Summary and What to Do Next

This is an exciting time to practice sleep medicine—the need for our services has never been greater. But the sleep medicine landscape is changing. Multiple stakeholders including patients, providers, and regulatory agencies are increasingly interested in improved quality of life as a core, measurable outcome.

EMWickwirePhD

Emerson Wickwire, PhD

To achieve lofty results, weeding is not enough. You also must plant flowers to grow a beautiful garden. To improve quality of life in your patients, build on their strengths and focus on positive affect. You will be amazed with the results.

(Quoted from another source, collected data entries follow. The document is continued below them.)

lemma ex_mapf_instance: "mapf_instance ex_vertices ex_edge 2 ex_start ex_target"
proof -
  have edges: "ex_edge 1 0" "ex_edge 2 1" "ex_edge 3 0" "ex_edge 4 0" "ex_edge 5 2" "ex_edge 6 2"
    by (simp_all add: ex_simps)
  have "ex_edge\<^sup>*\<^sup>* 1 0" "ex_edge\<^sup>*\<^sup>* 3 0" "ex_edge\<^sup>*\<^sup>* 4 0"
    using edges by (simp_all add: r_into_rtranclp)
  moreover from this(1) have "ex_edge\<^sup>*\<^sup>* 2 0"
    using edges(2) by (rule converse_rtranclp_into_rtranclp[rotated])
  moreover from this have "ex_edge\<^sup>*\<^sup>* 5 0" "ex_edge\<^sup>*\<^sup>* 6 0"
    using edges(5,6) by (simp_all add: converse_rtranclp_into_rtranclp)
  moreover have "ex_vertices = {0, 1, 2, 3, 4, 5, 6}"
    by (auto simp: ex_vertices_def)
  ultimately have hub: "\<forall>u\<in>ex_vertices. ex_edge\<^sup>*\<^sup>* u 0"
    by (metis insert_iff empty_iff rtranclp.rtrancl_refl)
  show ?thesis
    unfolding mapf_instance_def
  proof (intro conjI)
    show "finite ex_vertices"
      by (simp add: ex_vertices_def)
    show "\<forall>u w. ex_edge u w \<longrightarrow> u \<in> ex_vertices \<and> w \<in> ex_vertices"
      by (auto simp: ex_simps)
    show "\<forall>u w. ex_edge u w \<longrightarrow> ex_edge w u"
      using symp_ex_edge by (blast dest: sympD)
    show "\<forall>u. \<not> ex_edge u u"
      by (auto simp: ex_simps)
    show "\<forall>u\<in>ex_vertices. \<forall>w\<in>ex_vertices. ex_edge\<^sup>*\<^sup>* u w"
      using rtranclp_via_hub[OF symp_ex_edge hub] by blast
    show "\<forall>i<2. ex_start i \<in> ex_vertices \<and> ex_target i \<in> ex_vertices"
      by (simp add: ex_start_def ex_target_def ex_vertices_def)
    show "inj_on ex_start {..<2}" and "inj_on ex_target {..<2}"
      by (auto simp: inj_on_def ex_start_def ex_target_def)
  qed
qed

lemma is_path_agent1_direct: "is_path ex_vertices ex_edge 3 5 agent1_direct"
  unfolding agent1_direct_def using is_path_walk[of "[3, 0, 1, 2, 5 :: nat]"] by (simp add: ex_simps)

lemma arrival_agent1_direct: "arrival 5 agent1_direct = 4"
  unfolding agent1_direct_def using arrival_walk[of 2 5 "[3, 0, 1 :: nat]"] by simp

text \<open>The vertices reachable from 3 within k steps and those from which 5 is reachable in the
  remaining 4 - k steps meet in a single vertex at every time k.\<close>

lemma agent1_forced:
  assumes \<pi>: "is_path ex_vertices ex_edge 3 5 \<pi>" and "arrival 5 \<pi> \<le> 4"
  shows "\<pi> = agent1_direct"
proof
  have at_target: "\<pi> n = 5" if "4 \<le> n" for n
    using is_path_at_target[OF \<pi>] that \<open>arrival 5 \<pi> \<le> 4\<close> by simp
  note fwd = is_path_Suc_in_moves[OF \<pi>] and bwd = is_path_in_moves_of_Suc[OF symp_ex_edge \<pi>]
  \<comment> \<open>the simplifier turns \<open>Suc 1\<close> into \<open>Suc (Suc 0)\<close>, not into \<open>2\<close>\<close>
  note simps = moves_def ex_simps numeral_2_eq_2[symmetric]
  have "\<pi> 1 \<in> {0, 3}"
    using fwd[of 0 "{3}"] is_path_start[OF \<pi>] by (auto simp: simps)
  have "\<pi> 3 \<in> {2, 5}"
    using bwd[of 3 "{5}"] at_target[of 4] by (auto simp: simps)
  have "\<pi> 2 \<in> {0, 1, 3, 4}" and "\<pi> 2 \<in> {1, 2, 5, 6}"
    using fwd[of 1 "{0, 3}"] bwd[of 2 "{2, 5}"] \<open>\<pi> 1 \<in> {0, 3}\<close> \<open>\<pi> 3 \<in> {2, 5}\<close>
    by (auto simp: simps)
  then have "\<pi> 2 = 1"
    by auto
  then have "\<pi> 1 \<in> moves ex_edge {1}" and "\<pi> 3 \<in> moves ex_edge {1}"
    using bwd[of 1 "{1}"] fwd[of 2 "{1}"] by (simp_all add: numeral_2_eq_2[symmetric])
  then have "\<pi> 1 = 0" and "\<pi> 3 = 2"
    using \<open>\<pi> 1 \<in> {0, 3}\<close> \<open>\<pi> 3 \<in> {2, 5}\<close> by (auto simp: simps)
  fix n
  show "\<pi> n = agent1_direct n"
  proof (cases "n < 4")
    case True
    then have "n = 0 \<or> n = 1 \<or> n = 2 \<or> n = 3"
      by auto
    then show ?thesis
      using is_path_start[OF \<pi>] \<open>\<pi> 1 = 0\<close> \<open>\<pi> 2 = 1\<close> \<open>\<pi> 3 = 2\<close>
      by (auto simp: agent1_direct_def walk_def)
  next
    case False
    then show ?thesis
      using at_target[of n] walk_beyond[of "[3, 0, 1, 2, 5 :: nat]" n] by (simp add: agent1_direct_def)
  qed
qed

lemma agent1_arrival_ge: "is_path ex_vertices ex_edge 3 5 \<pi> \<Longrightarrow> 4 \<le> arrival 5 \<pi>"
  using agent1_forced arrival_agent1_direct by fastforce

text \<open>Running ahead of agent 1, agent 0 is chased from 1 into the pocket 6 and back.\<close>

lemma agent0_arrival_behind_agent1:
  assumes \<pi>: "is_path ex_vertices ex_edge 1 0 \<pi>" and "\<not> collide \<pi> agent1_direct"
  shows "6 \<le> arrival 0 \<pi>"
proof -
  note step = is_path_Suc_in_safe_moves[OF \<pi> \<open>\<not> collide \<pi> agent1_direct\<close>]
  note simps = safe_moves_def ex_simps agent1_direct_def walk_def numeral_2_eq_2[symmetric]
  have "\<pi> 1 \<in> {1, 2}"
    using step[of 0 "{1}"] is_path_start[OF \<pi>] by (auto simp: simps)
  then have "\<pi> 2 \<in> {2, 5, 6}"
    using step[of 1 "{1, 2}"] by (auto simp: simps)
  then have "\<pi> 3 \<in> {5, 6}"
    using step[of 2 "{2, 5, 6}"] by (auto simp: simps)
  then have "\<pi> 4 \<in> {2, 6}"
    using step[of 3 "{5, 6}"] by (auto simp: simps)
  then have "\<pi> 5 \<in> {1, 2, 6}"
    using step[of 4 "{2, 6}"] by (auto simp: simps)
  then show ?thesis
    using arrival_gt[OF \<pi>, of 5] by auto
qed

lemma agent1_sealed_in:
  assumes \<pi>0: "is_path ex_vertices ex_edge 1 0 \<pi>0" and "arrival 0 \<pi>0 \<le> 1"
    and \<pi>1: "is_path ex_vertices ex_edge 3 5 \<pi>1" and "\<not> collide \<pi>1 \<pi>0"
  shows False
proof -
  have "\<pi>1 n = 3" for n
  proof (rule is_path_trapped[OF \<pi>1 \<open>\<not> collide \<pi>1 \<pi>0\<close>])
    show "\<pi>1 0 = 3" using is_path_start[OF \<pi>1] .
    show "\<And>w. ex_edge 3 w \<Longrightarrow> w = 0" by (auto simp: ex_simps)
    show "\<And>n. 0 < n \<Longrightarrow> \<pi>0 n = 0"
      using is_path_at_target[OF \<pi>0] \<open>arrival 0 \<pi>0 \<le> 1\<close> by simp
  qed simp
  then show False
    using is_path_at_target[OF \<pi>1, of "arrival 5 \<pi>1"] by simp
qed

lemma ex_min_flowtime_le: "min_flowtime ex_vertices ex_edge 2 ex_start ex_target \<le> 8"
proof -
  define sol :: "nat \<Rightarrow> nat \<Rightarrow> nat" where
    "sol i = (if i = 0 then walk [1, 0, 4, 0] else walk [3, 3, 0, 1, 2, 5])" for i
  have "is_solution ex_vertices ex_edge 2 ex_start ex_target sol"
    unfolding is_solution_two sol_def ex_start_def ex_target_def
    using is_path_walk[of "[1, 0, 4, 0 :: nat]"] is_path_walk[of "[3, 3, 0, 1, 2, 5 :: nat]"]
      not_collide_walkI[of "[1, 0, 4, 0 :: nat]" "[3, 3, 0, 1, 2, 5]"]
    by (simp add: ex_simps walk_def All_less_Suc numeral_eq_Suc)
  moreover have "flowtime 2 ex_target sol = 8"
    using arrival_walk[of 4 0 "[1, 0 :: nat]"] arrival_walk[of 2 5 "[3, 3, 0, 1 :: nat]"]
    by (simp add: flowtime_two sol_def ex_target_def)
  ultimately show ?thesis
    using min_flowtime_le by metis
qed

lemma ex_P_solvable: "P_solvable ex_vertices ex_edge 2 ex_start ex_target"
proof -
  define prec :: "nat \<Rightarrow> nat \<Rightarrow> bool" where "prec k i \<longleftrightarrow> k = 1 \<and> i = 0" for k i
  define sol :: "nat \<Rightarrow> nat \<Rightarrow> nat" where
    "sol i = (if i = 0 then walk [1, 2, 6, 6, 2, 1, 0] else agent1_direct)" for i
  have "is_solution ex_vertices ex_edge 2 ex_start ex_target sol"
    unfolding is_solution_two sol_def ex_start_def ex_target_def agent1_direct_def
    using is_path_walk[of "[1, 2, 6, 6, 2, 1, 0 :: nat]"] is_path_agent1_direct
      not_collide_walkI[of "[1, 2, 6, 6, 2, 1, 0 :: nat]" "[3, 0, 1, 2, 5]"]
    by (simp add: ex_simps agent1_direct_def walk_def All_less_Suc numeral_eq_Suc)
  moreover have "arrival 0 (sol 0) = 6"
    using arrival_walk[of 1 0 "[1, 2, 6, 6, 2 :: nat]"] by (simp add: sol_def)
  ultimately have "consistent ex_vertices ex_edge 2 ex_start ex_target prec sol"
    using agent0_arrival_behind_agent1 agent1_arrival_ge arrival_agent1_direct
    by (intro consistentI) (auto simp: prec_def less_2_cases_iff ex_start_def ex_target_def sol_def)
  moreover have "priority_ordering 2 prec"
    by (auto simp: priority_ordering_def prec_def)
  ultimately show ?thesis
    unfolding P_solvable_def by blast
qed

lemma ex_consistent_flowtime_ge:
  assumes prec: "priority_ordering 2 prec"
    and cons: "consistent ex_vertices ex_edge 2 ex_start ex_target prec sol"
  shows "10 \<le> flowtime 2 ex_target sol"
proof -
  have "is_solution ex_vertices ex_edge 2 ex_start ex_target sol"
    using cons by (simp add: consistent_def)
  then have \<pi>0: "is_path ex_vertices ex_edge 1 0 (sol 0)"
    and \<pi>1: "is_path ex_vertices ex_edge 3 5 (sol 1)" and "\<not> collide (sol 0) (sol 1)"
    by (simp_all add: is_solution_two ex_start_def ex_target_def)
  have irrefl: "\<not> prec i i" for i
    using prec by (simp add: priority_ordering_def)
  have "prec 1 0"
  proof (rule ccontr)
    assume "\<not> prec 1 0"
    then have "arrival 0 (sol 0) \<le> arrival 0 (walk [1, 0 :: nat])"
      using consistent_arrival_le[OF cons, of 0 "walk [1, 0 :: nat]"] is_path_walk[of "[1, 0 :: nat]"] irrefl
      by (simp add: ex_simps ex_start_def ex_target_def less_2_cases_iff)
    also have "\<dots> = 1"
      using arrival_walk[of 1 0 "[] :: nat list"] by simp
    finally show False
      using agent1_sealed_in[OF \<pi>0 _ \<pi>1] \<open>\<not> collide (sol 0) (sol 1)\<close> collide_sym by blast
  qed
  then have "\<not> prec 0 1"
    using prec irrefl unfolding priority_ordering_def by blast
  then have "arrival 5 (sol 1) \<le> 4"
    using consistent_arrival_le[OF cons, of 1 agent1_direct] is_path_agent1_direct irrefl
    by (simp add: arrival_agent1_direct ex_start_def ex_target_def less_2_cases_iff)
  then have "sol 1 = agent1_direct"
    using agent1_forced[OF \<pi>1] by blast
  then have "6 \<le> arrival 0 (sol 0)" and "arrival 5 (sol 1) = 4"
    using agent0_arrival_behind_agent1[OF \<pi>0] \<open>\<not> collide (sol 0) (sol 1)\<close> arrival_agent1_direct
    by simp_all
  then show ?thesis
    by (simp add: flowtime_two ex_target_def)
qed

Emerson M. Wickwire, PhD, is director of the Insomnia Program and associate professor of Psychiatry and Medicine at the University of Maryland School of Medicine.

References

1. Seligman MEP. Flourish: A Visionary New Understanding of Happiness and Well-being. New York: Simon and Schuster; 2011.

2. Wood AM, Joseph S, Lloyd J, Atkins S. Gratitude influences sleep through the mechanism of pre-sleep cognitions. J Psychosom Res. 2009;66(1):43-8.

3. Walker MP, Stickgold R. Sleep, memory, and plasticity. Annu Rev Psychol. 2006;57:139-66.

4. Finan PH, Quartana PJ, Smith MT. The effects of sleep continuity disruption on positive mood and sleep architecture in healthy adults. Sleep. 2015;38(11):1735-42.

5. Wickwire EM. How to provide better patient care via powerful listening. Sleep Review. 2016;17(7):28-29.